- Opening Delimiter -
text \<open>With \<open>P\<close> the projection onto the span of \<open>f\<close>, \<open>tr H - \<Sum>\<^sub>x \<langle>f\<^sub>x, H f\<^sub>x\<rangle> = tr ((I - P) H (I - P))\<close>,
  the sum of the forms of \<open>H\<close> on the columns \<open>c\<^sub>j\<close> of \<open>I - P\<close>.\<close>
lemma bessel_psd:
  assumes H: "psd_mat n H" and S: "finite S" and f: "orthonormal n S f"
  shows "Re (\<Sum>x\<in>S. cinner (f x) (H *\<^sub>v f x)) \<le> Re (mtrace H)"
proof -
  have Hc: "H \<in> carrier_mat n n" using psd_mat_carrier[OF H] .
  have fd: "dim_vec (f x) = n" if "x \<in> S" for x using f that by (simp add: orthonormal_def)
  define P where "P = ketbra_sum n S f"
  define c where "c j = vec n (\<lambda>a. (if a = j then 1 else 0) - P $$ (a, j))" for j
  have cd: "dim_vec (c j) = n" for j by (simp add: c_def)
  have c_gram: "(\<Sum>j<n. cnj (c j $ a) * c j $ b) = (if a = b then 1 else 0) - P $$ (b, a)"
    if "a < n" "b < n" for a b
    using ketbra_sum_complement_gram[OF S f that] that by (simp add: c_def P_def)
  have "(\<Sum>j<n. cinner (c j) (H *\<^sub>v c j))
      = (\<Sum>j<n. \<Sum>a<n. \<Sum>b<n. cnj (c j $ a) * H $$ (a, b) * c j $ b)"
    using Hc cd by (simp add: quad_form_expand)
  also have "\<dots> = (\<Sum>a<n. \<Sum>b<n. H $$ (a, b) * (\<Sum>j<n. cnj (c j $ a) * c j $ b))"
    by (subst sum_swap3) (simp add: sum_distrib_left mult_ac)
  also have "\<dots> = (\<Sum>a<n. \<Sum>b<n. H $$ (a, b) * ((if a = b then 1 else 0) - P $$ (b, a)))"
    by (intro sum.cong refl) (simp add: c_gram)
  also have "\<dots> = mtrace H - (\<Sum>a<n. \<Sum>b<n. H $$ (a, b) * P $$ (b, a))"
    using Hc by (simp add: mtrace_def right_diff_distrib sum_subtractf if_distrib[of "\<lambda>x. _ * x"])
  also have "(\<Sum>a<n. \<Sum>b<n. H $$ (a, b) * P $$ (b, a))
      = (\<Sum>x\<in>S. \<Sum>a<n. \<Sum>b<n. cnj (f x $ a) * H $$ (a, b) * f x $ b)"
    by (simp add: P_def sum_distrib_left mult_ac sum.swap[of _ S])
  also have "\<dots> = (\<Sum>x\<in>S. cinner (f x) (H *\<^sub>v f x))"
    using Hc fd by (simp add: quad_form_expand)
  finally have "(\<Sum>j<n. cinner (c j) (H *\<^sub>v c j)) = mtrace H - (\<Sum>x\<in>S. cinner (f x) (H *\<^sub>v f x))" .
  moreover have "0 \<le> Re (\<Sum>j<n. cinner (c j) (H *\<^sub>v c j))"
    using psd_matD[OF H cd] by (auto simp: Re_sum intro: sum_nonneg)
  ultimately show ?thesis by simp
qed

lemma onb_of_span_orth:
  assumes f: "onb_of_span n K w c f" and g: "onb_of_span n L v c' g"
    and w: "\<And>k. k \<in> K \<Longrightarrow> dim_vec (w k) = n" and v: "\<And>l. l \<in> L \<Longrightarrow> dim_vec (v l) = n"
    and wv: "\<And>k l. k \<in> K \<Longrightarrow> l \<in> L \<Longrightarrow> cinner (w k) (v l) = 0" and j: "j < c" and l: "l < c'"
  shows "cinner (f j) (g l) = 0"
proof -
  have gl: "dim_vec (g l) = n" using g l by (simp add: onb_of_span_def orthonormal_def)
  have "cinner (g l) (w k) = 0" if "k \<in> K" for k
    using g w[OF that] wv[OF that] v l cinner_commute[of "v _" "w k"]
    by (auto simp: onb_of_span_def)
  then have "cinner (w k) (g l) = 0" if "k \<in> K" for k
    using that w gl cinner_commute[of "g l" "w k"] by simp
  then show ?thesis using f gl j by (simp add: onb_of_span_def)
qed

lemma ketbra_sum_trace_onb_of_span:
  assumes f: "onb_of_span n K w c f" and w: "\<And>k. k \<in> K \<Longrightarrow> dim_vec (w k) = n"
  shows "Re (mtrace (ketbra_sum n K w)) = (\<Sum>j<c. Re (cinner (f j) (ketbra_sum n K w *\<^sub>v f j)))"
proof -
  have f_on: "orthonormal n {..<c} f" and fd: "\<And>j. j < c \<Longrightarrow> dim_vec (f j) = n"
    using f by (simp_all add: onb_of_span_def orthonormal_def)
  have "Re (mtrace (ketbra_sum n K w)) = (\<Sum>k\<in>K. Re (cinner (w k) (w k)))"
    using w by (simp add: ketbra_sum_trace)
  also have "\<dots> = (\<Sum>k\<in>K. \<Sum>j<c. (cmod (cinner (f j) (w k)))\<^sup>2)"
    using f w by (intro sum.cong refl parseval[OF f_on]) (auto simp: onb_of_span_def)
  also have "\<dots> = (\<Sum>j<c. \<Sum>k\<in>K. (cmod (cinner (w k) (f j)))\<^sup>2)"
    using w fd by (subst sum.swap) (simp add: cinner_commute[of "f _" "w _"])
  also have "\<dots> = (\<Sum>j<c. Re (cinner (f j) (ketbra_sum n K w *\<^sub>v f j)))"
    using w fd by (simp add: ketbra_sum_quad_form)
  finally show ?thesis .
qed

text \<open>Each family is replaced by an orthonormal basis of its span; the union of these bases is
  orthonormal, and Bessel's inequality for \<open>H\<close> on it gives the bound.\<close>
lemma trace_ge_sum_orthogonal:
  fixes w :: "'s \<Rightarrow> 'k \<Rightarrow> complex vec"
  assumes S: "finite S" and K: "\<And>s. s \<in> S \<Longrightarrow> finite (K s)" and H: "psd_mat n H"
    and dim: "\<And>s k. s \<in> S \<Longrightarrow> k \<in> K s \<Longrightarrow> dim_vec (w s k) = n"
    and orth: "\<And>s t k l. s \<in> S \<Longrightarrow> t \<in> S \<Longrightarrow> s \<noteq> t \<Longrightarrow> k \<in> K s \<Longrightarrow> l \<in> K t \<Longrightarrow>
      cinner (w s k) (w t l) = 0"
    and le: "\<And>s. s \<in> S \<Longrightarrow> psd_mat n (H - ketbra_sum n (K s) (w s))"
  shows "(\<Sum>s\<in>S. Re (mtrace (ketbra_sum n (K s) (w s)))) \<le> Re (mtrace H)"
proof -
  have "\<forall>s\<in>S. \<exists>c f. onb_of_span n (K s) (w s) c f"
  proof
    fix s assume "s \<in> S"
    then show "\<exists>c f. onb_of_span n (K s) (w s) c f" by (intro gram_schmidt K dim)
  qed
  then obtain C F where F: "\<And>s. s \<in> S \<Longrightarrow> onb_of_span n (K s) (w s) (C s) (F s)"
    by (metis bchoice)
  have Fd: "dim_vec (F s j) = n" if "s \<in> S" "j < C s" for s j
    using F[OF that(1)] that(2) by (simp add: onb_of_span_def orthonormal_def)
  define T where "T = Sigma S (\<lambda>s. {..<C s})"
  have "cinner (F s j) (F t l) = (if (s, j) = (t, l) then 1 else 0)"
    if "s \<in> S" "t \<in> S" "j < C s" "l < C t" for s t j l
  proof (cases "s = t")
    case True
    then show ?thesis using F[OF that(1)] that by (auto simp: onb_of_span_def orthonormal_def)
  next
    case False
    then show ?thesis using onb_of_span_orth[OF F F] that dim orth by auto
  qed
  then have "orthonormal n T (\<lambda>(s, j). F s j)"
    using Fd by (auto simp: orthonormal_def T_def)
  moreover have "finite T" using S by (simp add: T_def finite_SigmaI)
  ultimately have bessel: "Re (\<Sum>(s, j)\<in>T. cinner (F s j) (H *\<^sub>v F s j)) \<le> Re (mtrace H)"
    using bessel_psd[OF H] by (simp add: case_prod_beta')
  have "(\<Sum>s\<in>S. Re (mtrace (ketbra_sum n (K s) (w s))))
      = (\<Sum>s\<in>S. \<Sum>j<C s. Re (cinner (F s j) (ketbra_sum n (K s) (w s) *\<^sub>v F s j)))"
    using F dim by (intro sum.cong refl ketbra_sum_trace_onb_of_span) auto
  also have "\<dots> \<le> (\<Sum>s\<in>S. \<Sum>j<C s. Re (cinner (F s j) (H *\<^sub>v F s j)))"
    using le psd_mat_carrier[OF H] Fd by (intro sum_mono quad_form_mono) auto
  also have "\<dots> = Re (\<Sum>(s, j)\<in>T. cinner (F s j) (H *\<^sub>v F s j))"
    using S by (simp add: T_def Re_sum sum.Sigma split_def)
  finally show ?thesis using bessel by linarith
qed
- Closing Delimiter -
*PROBLEM TO WORK ON:* Throughout the material above, count each line holding "define" and answer with the total alone.

*EXERCISE ANSWER:* 3